▼

text \<open>Substitution of t for the free occurrences of x (no renaming).\<close>
fun subst :: "nat \<Rightarrow> 'f tm \<Rightarrow> ('p, 'f) fm \<Rightarrow> ('p, 'f) fm" where
  "subst x t (Atom p ts) = Atom p (map (substt x t) ts)"
| "subst x t (Cst r) = Cst r"
| "subst x t (Conj \<phi> \<psi>) = Conj (subst x t \<phi>) (subst x t \<psi>)"
| "subst x t (Imp \<phi> \<psi>) = Imp (subst x t \<phi>) (subst x t \<psi>)"
| "subst x t (All y \<phi>) = (if y = x then All y \<phi> else All y (subst x t \<phi>))"
| "subst x t (Ex y \<phi>) = (if y = x then Ex y \<phi> else Ex y (subst x t \<phi>))"

fun substitutable :: "nat \<Rightarrow> 'f tm \<Rightarrow> ('p, 'f) fm \<Rightarrow> bool" where
  "substitutable x t (Atom p ts) = True"
| "substitutable x t (Cst r) = True"
| "substitutable x t (Conj \<phi> \<psi>) = (substitutable x t \<phi> \<and> substitutable x t \<psi>)"
| "substitutable x t (Imp \<phi> \<psi>) = (substitutable x t \<phi> \<and> substitutable x t \<psi>)"
| "substitutable x t (All y \<phi>) =
     (x \<notin> fv (All y \<phi>) \<or> (y \<notin> fvt t \<and> substitutable x t \<phi>))"
| "substitutable x t (Ex y \<phi>) =
     (x \<notin> fv (Ex y \<phi>) \<or> (y \<notin> fvt t \<and> substitutable x t \<phi>))"

inductive axiom :: "('p, 'f) fm \<Rightarrow> bool" where
  G1: "axiom (Imp (Imp \<phi> \<psi>) (Imp (Imp \<psi> \<chi>) (Imp \<phi> \<chi>)))"
| G2: "axiom (Imp (Conj \<phi> \<psi>) \<phi>)"
| G3: "axiom (Imp (Conj \<phi> \<psi>) (Conj \<psi> \<phi>))"
| G4: "axiom (Imp \<phi> (Conj \<phi> \<phi>))"
| G5: "axiom (Iff (Imp \<phi> (Imp \<psi> \<chi>)) (Imp (Conj \<phi> \<psi>) \<chi>))"
| G6: "axiom (Imp (Imp (Imp \<phi> \<psi>) \<chi>) (Imp (Imp (Imp \<psi> \<phi>) \<chi>) \<chi>))"
| G7: "axiom (Imp (Cst qone) \<phi>)"
| GAll1: "substitutable x t \<phi> \<Longrightarrow> axiom (Imp (All x \<phi>) (subst x t \<phi>))"
| GAll2: "x \<notin> fv \<psi> \<Longrightarrow> axiom (Imp (All x (Imp \<psi> \<phi>)) (Imp \<psi> (All x \<phi>)))"
| GAll3: "x \<notin> fv \<psi> \<Longrightarrow> axiom (Imp (All x (Disj \<psi> \<phi>)) (Disj \<psi> (All x \<phi>)))"
| GEx1: "substitutable x t \<phi> \<Longrightarrow> axiom (Imp (subst x t \<phi>) (Ex x \<phi>))"
| GEx2: "x \<notin> fv \<psi> \<Longrightarrow> axiom (Imp (Ex x (Imp \<psi> \<phi>)) (Imp \<psi> (Ex x \<phi>)))"
| RGL1: "axiom (Iff (Conj (Cst r) (Cst s)) (Cst (qmax r s)))"
| RGL2a: "Rep_qunit r \<ge> Rep_qunit s \<Longrightarrow> axiom (Imp (Cst r) (Cst s))"
| RGL2b: "Rep_qunit r < Rep_qunit s \<Longrightarrow> axiom (Iff (Imp (Cst r) (Cst s)) (Cst s))"
| RGL3: "Rep_qunit r < 1 \<Longrightarrow> axiom (Neg (Neg (Cst r)))"

inductive derivable :: "('p, 'f) fm set \<Rightarrow> ('p, 'f) fm \<Rightarrow> bool" (infix "\<turnstile>" 55)
  for T :: "('p, 'f) fm set" where
  ax: "axiom \<phi> \<Longrightarrow> T \<turnstile> \<phi>"
| hyp: "\<phi> \<in> T \<Longrightarrow> T \<turnstile> \<phi>"
| mp: "T \<turnstile> \<phi> \<Longrightarrow> T \<turnstile> Imp \<phi> \<psi> \<Longrightarrow> T \<turnstile> \<psi>"
| gen: "T \<turnstile> \<phi> \<Longrightarrow> T \<turnstile> All x \<phi>"

definition is_theory :: "('p, 'f) fm set \<Rightarrow> bool" where
  "is_theory T \<longleftrightarrow> (\<forall>\<phi>\<in>T. sentence \<phi>)"

definition strongly_consistent :: "('p, 'f) fm set \<Rightarrow> bool" where
  "strongly_consistent T \<longleftrightarrow> (\<forall>r. 0 < Rep_qunit r \<longrightarrow> \<not> T \<turnstile> Cst r)"

definition max_strongly_consistent :: "('p, 'f) fm set \<Rightarrow> bool" where
  "max_strongly_consistent T \<longleftrightarrow> strongly_consistent T \<and>
     (\<forall>\<Sigma>. is_theory \<Sigma> \<longrightarrow> strongly_consistent \<Sigma> \<longrightarrow> T \<subseteq> \<Sigma> \<longrightarrow> \<Sigma> = T)"

end

theory Submission
  imports Defs
begin

text \<open>If T is maximal and the sentence \<chi> is not in T, then adding \<chi> derives some
  \<open>r\<close> with \<open>r > 0\<close>, so by the deduction theorem \<open>T \<turnstile> \<chi> \<rightarrow> r\<close>. Prelinearity (G6) then
  forbids both \<open>\<phi> \<rightarrow> \<psi>\<close> and \<open>\<psi> \<rightarrow> \<phi>\<close> to be missing, and if \<open>T \<turnstile> r \<rightarrow> \<phi>\<close> for all
  \<open>r > 0\<close> but \<open>T \<turnstile> \<phi> \<rightarrow> q\<close>, a rational \<open>r < q\<close> yields \<open>T \<turnstile> r \<rightarrow> q\<close>, which by RGL2
  is \<open>q\<close> itself. Conversely, if \<open>\<phi>\<close> lies in a strongly consistent extension, then
  \<open>\<phi> \<rightarrow> r\<close> cannot be in T for \<open>r > 0\<close>, so linearity puts \<open>r \<rightarrow> \<phi>\<close> into T for every
  such r, and the second condition puts \<open>\<phi>\<close> into T.\<close>

lemma derivable_conjD1: "T \<turnstile> Conj \<phi> \<psi> \<Longrightarrow> T \<turnstile> \<phi>"
  by (meson axiom.G2 derivable.ax derivable.mp)

lemma derivable_conjD2: "T \<turnstile> Conj \<phi> \<psi> \<Longrightarrow> T \<turnstile> \<psi>"
  by (meson axiom.G3 derivable.ax derivable.mp derivable_conjD1)

lemma derivable_iffD1: "T \<turnstile> Iff \<phi> \<psi> \<Longrightarrow> T \<turnstile> Imp \<phi> \<psi>"
  unfolding Iff_def by (rule derivable_conjD1)

lemma derivable_iffD2: "T \<turnstile> Iff \<phi> \<psi> \<Longrightarrow> T \<turnstile> Imp \<psi> \<phi>"
  unfolding Iff_def by (rule derivable_conjD2)

lemma derivable_imp_trans: "T \<turnstile> Imp \<phi> \<psi> \<Longrightarrow> T \<turnstile> Imp \<psi> \<chi> \<Longrightarrow> T \<turnstile> Imp \<phi> \<chi>"
  by (meson axiom.G1 derivable.ax derivable.mp)

lemma derivable_curry: "T \<turnstile> Imp (Conj \<phi> \<psi>) \<chi> \<Longrightarrow> T \<turnstile> Imp \<phi> (Imp \<psi> \<chi>)"
  by (meson axiom.G5 derivable.ax derivable.mp derivable_iffD2)

lemma derivable_uncurry: "T \<turnstile> Imp \<phi> (Imp \<psi> \<chi>) \<Longrightarrow> T \<turnstile> Imp (Conj \<phi> \<psi>) \<chi>"
  by (meson axiom.G5 derivable.ax derivable.mp derivable_iffD1)

lemma derivable_imp_swap: "T \<turnstile> Imp \<phi> (Imp \<psi> \<chi>) \<Longrightarrow> T \<turnstile> Imp \<psi> (Imp \<phi> \<chi>)"
  by (meson axiom.G3 derivable.ax derivable_curry derivable_imp_trans derivable_uncurry)

lemma derivable_imp_contract: "T \<turnstile> Imp \<phi> (Imp \<phi> \<chi>) \<Longrightarrow> T \<turnstile> Imp \<phi> \<chi>"
  by (meson axiom.G4 derivable.ax derivable_imp_trans derivable_uncurry)

lemma derivable_imp_weaken: "T \<turnstile> \<phi> \<Longrightarrow> T \<turnstile> Imp \<psi> \<phi>"
  by (meson axiom.G2 derivable.ax derivable_curry derivable.mp)

lemma derivable_imp_refl: "T \<turnstile> Imp \<phi> \<phi>"
  by (meson axiom.G2 axiom.G4 derivable.ax derivable_imp_trans)

text \<open>Closedness of \<chi> is what makes the generalization step go through (axiom G\<forall>2).\<close>
lemma deduction_theorem:
  assumes "insert \<chi> T \<turnstile> \<theta>" and "fv \<chi> = {}"
  shows "T \<turnstile> Imp \<chi> \<theta>"
  using assms(1)
proof (induction rule: derivable.induct)
  case (ax \<phi>)
  then show ?case by (meson derivable.ax derivable_imp_weaken)
next
  case (hyp \<phi>)
  then show ?case by (metis derivable.hyp derivable_imp_refl derivable_imp_weaken insertE)
next
  case (mp \<phi> \<psi>)
  then show ?case by (meson derivable_imp_contract derivable_imp_swap derivable_imp_trans)
next
  case (gen \<phi> x)
  have "T \<turnstile> All x (Imp \<chi> \<phi>)" using gen.IH by (rule derivable.gen)
  moreover have "T \<turnstile> Imp (All x (Imp \<chi> \<phi>)) (Imp \<chi> (All x \<phi>))"
    by (rule derivable.ax, rule axiom.GAll2) (simp add: assms(2))
  ultimately show ?case by (rule derivable.mp)
qed

lemma qunit_between_zero:
  assumes "0 < Rep_qunit q"
  obtains r where "0 < Rep_qunit r" and "Rep_qunit r < Rep_qunit q"
proof
  have "Rep_qunit q \<le> 1" using Rep_qunit[of q] by simp
  then have r: "Rep_qunit (Abs_qunit (Rep_qunit q / 2)) = Rep_qunit q / 2"
    using assms by (simp add: Abs_qunit_inverse)
  show "0 < Rep_qunit (Abs_qunit (Rep_qunit q / 2))"
    and "Rep_qunit (Abs_qunit (Rep_qunit q / 2)) < Rep_qunit q"
    unfolding r using assms by simp_all
qed

lemma strongly_consistentD: "strongly_consistent T \<Longrightarrow> 0 < Rep_qunit r \<Longrightarrow> \<not> T \<turnstile> Cst r"
  unfolding strongly_consistent_def by blast

lemma strongly_consistent_not_prelinear_refuted:
  assumes "strongly_consistent T" "0 < Rep_qunit r" "0 < Rep_qunit s"
    and "T \<turnstile> Imp (Imp \<phi> \<psi>) (Cst r)" and "T \<turnstile> Imp (Imp \<psi> \<phi>) (Cst s)"
  shows False
proof -
  define m where "m = (if Rep_qunit r \<le> Rep_qunit s then r else s)"
  have "T \<turnstile> Imp (Imp \<phi> \<psi>) (Cst m)"
    using assms(4) by (rule derivable_imp_trans, intro derivable.ax axiom.RGL2a) (simp add: m_def)
  moreover have "T \<turnstile> Imp (Imp \<psi> \<phi>) (Cst m)"
    using assms(5) by (rule derivable_imp_trans, intro derivable.ax axiom.RGL2a) (simp add: m_def)
  ultimately have "T \<turnstile> Cst m" by (meson axiom.G6 derivable.ax derivable.mp)
  moreover have "0 < Rep_qunit m" using assms(2,3) by (simp add: m_def)
  ultimately show False using assms(1) strongly_consistentD by blast
qed

lemma strongly_consistent_not_approx_refuted:
  assumes "strongly_consistent T" "0 < Rep_qunit q" and "T \<turnstile> Imp \<phi> (Cst q)"
    and "\<forall>r. 0 < Rep_qunit r \<longrightarrow> T \<turnstile> Imp (Cst r) \<phi>"
  shows False
proof -
  obtain r where r: "0 < Rep_qunit r" "Rep_qunit r < Rep_qunit q"
    using qunit_between_zero assms(2) by blast
  have "T \<turnstile> Imp (Cst r) (Cst q)"
    using assms(3,4) r(1) derivable_imp_trans by blast
  moreover have "T \<turnstile> Imp (Imp (Cst r) (Cst q)) (Cst q)"
    using r(2) by (intro derivable_iffD1 derivable.ax axiom.RGL2b)
  ultimately have "T \<turnstile> Cst q" by (rule derivable.mp)
  then show False using assms(1,2) strongly_consistentD by blast
qed

lemma max_strongly_consistent_refutes_nonmember:
  assumes "max_strongly_consistent T" "is_theory T" "sentence \<chi>" "\<chi> \<notin> T"
  obtains r where "0 < Rep_qunit r" and "T \<turnstile> Imp \<chi> (Cst r)"
proof -
  have "is_theory (insert \<chi> T)" using assms(2,3) by (simp add: is_theory_def)
  then have "\<not> strongly_consistent (insert \<chi> T)"
    using assms(1,4) unfolding max_strongly_consistent_def by blast
  then obtain r where "0 < Rep_qunit r" "insert \<chi> T \<turnstile> Cst r"
    unfolding strongly_consistent_def by blast
  moreover have "fv \<chi> = {}" using assms(3) by (simp add: sentence_def)
  ultimately show thesis using that deduction_theorem by blast
qed

lemma max_strongly_consistent_linear:
  assumes "max_strongly_consistent T" "is_theory T" "sentence \<phi>" "sentence \<psi>"
  shows "Imp \<phi> \<psi> \<in> T \<or> Imp \<psi> \<phi> \<in> T"
proof (rule ccontr)
  assume "\<not> (Imp \<phi> \<psi> \<in> T \<or> Imp \<psi> \<phi> \<in> T)"
  moreover have "sentence (Imp \<phi> \<psi>)" "sentence (Imp \<psi> \<phi>)"
    using assms(3,4) by (auto simp: sentence_def)
  ultimately obtain r s where "0 < Rep_qunit r" "T \<turnstile> Imp (Imp \<phi> \<psi>) (Cst r)"
    and "0 < Rep_qunit s" "T \<turnstile> Imp (Imp \<psi> \<phi>) (Cst s)"
    using max_strongly_consistent_refutes_nonmember[OF assms(1,2)] by (metis (no_types))
  moreover have "strongly_consistent T"
    using assms(1) unfolding max_strongly_consistent_def by blast
  ultimately show False using strongly_consistent_not_prelinear_refuted by blast
qed

lemma max_strongly_consistent_approx_closed:
  assumes "max_strongly_consistent T" "is_theory T" "sentence \<phi>"
    and "\<forall>r. 0 < Rep_qunit r \<longrightarrow> T \<turnstile> Imp (Cst r) \<phi>"
  shows "\<phi> \<in> T"
proof (rule ccontr)
  assume "\<phi> \<notin> T"
  then obtain q where "0 < Rep_qunit q" "T \<turnstile> Imp \<phi> (Cst q)"
    using max_strongly_consistent_refutes_nonmember assms(1-3) by blast
  then show False
    using assms(1,4) strongly_consistent_not_approx_refuted
    unfolding max_strongly_consistent_def by blast
qed

lemma linear_approx_closed_imp_max_strongly_consistent:
  assumes "strongly_consistent T"
    and linear: "\<forall>\<phi> \<psi>. sentence \<phi> \<longrightarrow> sentence \<psi> \<longrightarrow> Imp \<phi> \<psi> \<in> T \<or> Imp \<psi> \<phi> \<in> T"
    and approx_closed: "\<forall>\<phi>. sentence \<phi> \<longrightarrow> (\<forall>r. 0 < Rep_qunit r \<longrightarrow> T \<turnstile> Imp (Cst r) \<phi>) \<longrightarrow> \<phi> \<in> T"
  shows "max_strongly_consistent T"
  unfolding max_strongly_consistent_def
proof (intro conjI allI impI)
  fix \<Sigma>
  assume "is_theory \<Sigma>" "strongly_consistent \<Sigma>" "T \<subseteq> \<Sigma>"
  have "\<phi> \<in> T" if "\<phi> \<in> \<Sigma>" for \<phi>
  proof -
    have "sentence \<phi>" using \<open>is_theory \<Sigma>\<close> that by (simp add: is_theory_def)
    have "T \<turnstile> Imp (Cst r) \<phi>" if r: "0 < Rep_qunit r" for r
    proof -
      have "Imp \<phi> (Cst r) \<notin> T"
      proof
        assume "Imp \<phi> (Cst r) \<in> T"
        with \<open>T \<subseteq> \<Sigma>\<close> \<open>\<phi> \<in> \<Sigma>\<close> have "\<Sigma> \<turnstile> Cst r"
          by (meson derivable.hyp derivable.mp subsetD)
        then show False using \<open>strongly_consistent \<Sigma>\<close> r strongly_consistentD by blast
      qed
      moreover have "sentence (Cst r :: ('p, 'f) fm)" by (simp add: sentence_def)
      ultimately have "Imp (Cst r) \<phi> \<in> T" using linear \<open>sentence \<phi>\<close> by blast
      then show ?thesis by (rule derivable.hyp)
    qed
    then show ?thesis using approx_closed \<open>sentence \<phi>\<close> by blast
  qed
  then show "\<Sigma> = T" using \<open>T \<subseteq> \<Sigma>\<close> by blast
qed (rule assms(1))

▲

* _Your instructions_
In the records above, collect each line with "shows".

* _Output below_
  shows "T \<turnstile> Imp \<chi> \<theta>"
  shows False
  shows False
  shows "Imp \<phi> \<psi> \<in> T \<or> Imp \<psi> \<phi> \<in> T"
  shows "\<phi> \<in> T"
  shows "max_strongly_consistent T"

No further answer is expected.